いわゆるプロレスという「娯楽」は、今の日本においては瀕死の状態にある。
言わずもがなK−1やPRIDEといった総合格闘技がコンテンツとして成立した
影響で、本当のリアリティを求めるファンはプロレスを見向きもしなくなった。
本来、プロレスでは決め技・大技の説得力は求められても、あくまで娯楽の範囲で
あった。見ているほうもそれで納得していたわけだ。

 

だがハイキック一撃でKO、腕ひしぎ逆十字ですぐにタップといった光景を目の当
たりするようになると、今までハイキックを頭にいれられても倒れない、腕ひしぎ
逆十字を何十秒も耐える姿はうそ臭さの象徴になった。

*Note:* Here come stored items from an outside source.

(* $\mathsf{Seq}\vdash\forall x\,y\,\exists z\,\forall u\,\big[\,\exists v_1v_2[(v_1\vdash u)\circ v_2=z]\;\leftrightarrow\;\big(\exists v_1v_2[(v_1\vdash u)\circ v_2=x]\vee u=y\big)\,\big]$.
   Context: $\mathsf{Seq}$ is the theory in the language $\{e,\vdash,\circ\}$ ($e$ constant, $\vdash$ and $\circ$ binary functions) with axioms: ($\mathsf{Seq}_1$) $\forall xy[x\vdash y\neq e]$; ($\mathsf{Seq}_2$) $\forall x_1x_2y_1y_2[x_1\vdash x_2=y_1\vdash y_2\rightarrow(x_1=y_1\wedge x_2=y_2)]$; ($\mathsf{Seq}_3$) $\forall x[x\circ e=x]$; ($\mathsf{Seq}_4$) $\forall xyz[x\circ(y\vdash z)=(x\circ y)\vdash z]$; ($\mathsf{Seq}_5$) $\forall x[x=e\vee\exists yz[x=y\vdash z]]$. The claimed sentence is the translation of the adjunction axiom $\forall xy\exists z\forall u[u\in z\leftrightarrow(u\in x\vee u=y)]$ under $(x\in y)^\tau=\exists v_1v_2[(v_1\vdash x)\circ v_2=y]$. *)

theory Defs
  imports Main
begin

text \<open>A structure (carrier = the type 'a) for the language {e, \<turnstile>, \<circ>}
  is given by a constant e, a binary function cns (for \<turnstile>) and a
  binary function cmp (for \<circ>). seq_model says it satisfies the axioms Seq1..Seq5.\<close>

definition seq_model :: "'a \<Rightarrow> ('a \<Rightarrow> 'a \<Rightarrow> 'a) \<Rightarrow> ('a \<Rightarrow> 'a \<Rightarrow> 'a) \<Rightarrow> bool" where
  "seq_model e cns cmp \<longleftrightarrow>
     (\<forall>x y. cns x y \<noteq> e) \<and>
     (\<forall>x1 x2 y1 y2. cns x1 x2 = cns y1 y2 \<longrightarrow> x1 = y1 \<and> x2 = y2) \<and>
     (\<forall>x. cmp x e = x) \<and>
     (\<forall>x y z. cmp x (cns y z) = cns (cmp x y) z) \<and>
     (\<forall>x. x = e \<or> (\<exists>y z. x = cns y z))"

text \<open>Translated membership: (x \<in> y)^tau = \<exists>v1 v2. (v1 \<turnstile> x) \<circ> v2 = y.\<close>

definition seq_mem :: "('a \<Rightarrow> 'a \<Rightarrow> 'a) \<Rightarrow> ('a \<Rightarrow> 'a \<Rightarrow> 'a) \<Rightarrow> 'a \<Rightarrow> 'a \<Rightarrow> bool" where
  "seq_mem cns cmp x y \<longleftrightarrow> (\<exists>v1 v2. cmp (cns v1 x) v2 = y)"

end

theory Submission
  imports Defs
begin

text \<open>The sequence \<open>x \<turnstile> y\<close> is the witness: \<open>u\<close> occurs in it either as its last entry,
  or, by \<open>Seq\<^sub>4\<close> and injectivity of \<open>\<turnstile>\<close>, already in \<open>x\<close>.\<close>

lemma seq_modelD:
  assumes "seq_model e cns cmp"
  shows seq_cns_inject: "cns x1 x2 = cns y1 y2 \<Longrightarrow> x1 = y1 \<and> x2 = y2"
    and seq_cmp_e: "cmp x e = x"
    and seq_cmp_cns: "cmp x (cns y z) = cns (cmp x y) z"
    and seq_cases: "x = e \<or> (\<exists>y z. x = cns y z)"
  using assms unfolding seq_model_def by blast+

lemma seq_mem_cns_iff:
  assumes seq: "seq_model e cns cmp"
  shows "seq_mem cns cmp u (cns x y) \<longleftrightarrow> seq_mem cns cmp u x \<or> u = y"
proof
  assume "seq_mem cns cmp u (cns x y)"
  then obtain v1 v2 where v: "cmp (cns v1 u) v2 = cns x y"
    unfolding seq_mem_def by blast
  consider "v2 = e" | a b where "v2 = cns a b"
    using seq_cases[OF seq] by blast
  then show "seq_mem cns cmp u x \<or> u = y"
  proof cases
    case 1
    with v have "cns v1 u = cns x y" by (simp add: seq_cmp_e[OF seq])
    then show ?thesis using seq_cns_inject[OF seq] by blast
  next
    case (2 a b)
    with v have "cns (cmp (cns v1 u) a) b = cns x y" by (simp add: seq_cmp_cns[OF seq])
    then have "cmp (cns v1 u) a = x" using seq_cns_inject[OF seq] by blast
    then show ?thesis unfolding seq_mem_def by blast
  qed
next
  assume "seq_mem cns cmp u x \<or> u = y"
  then show "seq_mem cns cmp u (cns x y)"
  proof
    assume "seq_mem cns cmp u x"
    then obtain v1 v2 where "cmp (cns v1 u) v2 = x"
      unfolding seq_mem_def by blast
    then have "cmp (cns v1 u) (cns v2 y) = cns x y" by (simp add: seq_cmp_cns[OF seq])
    then show ?thesis unfolding seq_mem_def by blast
  next
    assume "u = y"
    then have "cmp (cns x u) e = cns x y" by (simp add: seq_cmp_e[OF seq])
    then show ?thesis unfolding seq_mem_def by blast
  qed
qed

theorem lemma4:
  fixes e :: 'a and cns cmp :: "'a \<Rightarrow> 'a \<Rightarrow> 'a"
  assumes "seq_model e cns cmp"
  shows "\<forall>x y. \<exists>z. \<forall>u. seq_mem cns cmp u z \<longleftrightarrow> (seq_mem cns cmp u x \<or> u = y)"
proof (intro allI)
  fix x y
  show "\<exists>z. \<forall>u. seq_mem cns cmp u z \<longleftrightarrow> (seq_mem cns cmp u x \<or> u = y)"
    using seq_mem_cns_iff[OF assms, of _ x y] by (intro exI[of _ "cns x y"]) blast
qed

end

ショーのために鍛えあげた
体も人体の急所を衝かれれば、脆くも崩れ去る。

 

そんな流れに乗る形で新日本プロレスは格闘技路線に手を染めたが、プロレスラー
の「強さ」を証明するどころか、「弱さ」のみ証明する結果であった。結果的に本
業のプロレスでもさらなる客離れを生み、泥沼の悪循環を引き起こしている。正に
新日は終わりなき迷路で彷徨い続けている・・・(2に続く)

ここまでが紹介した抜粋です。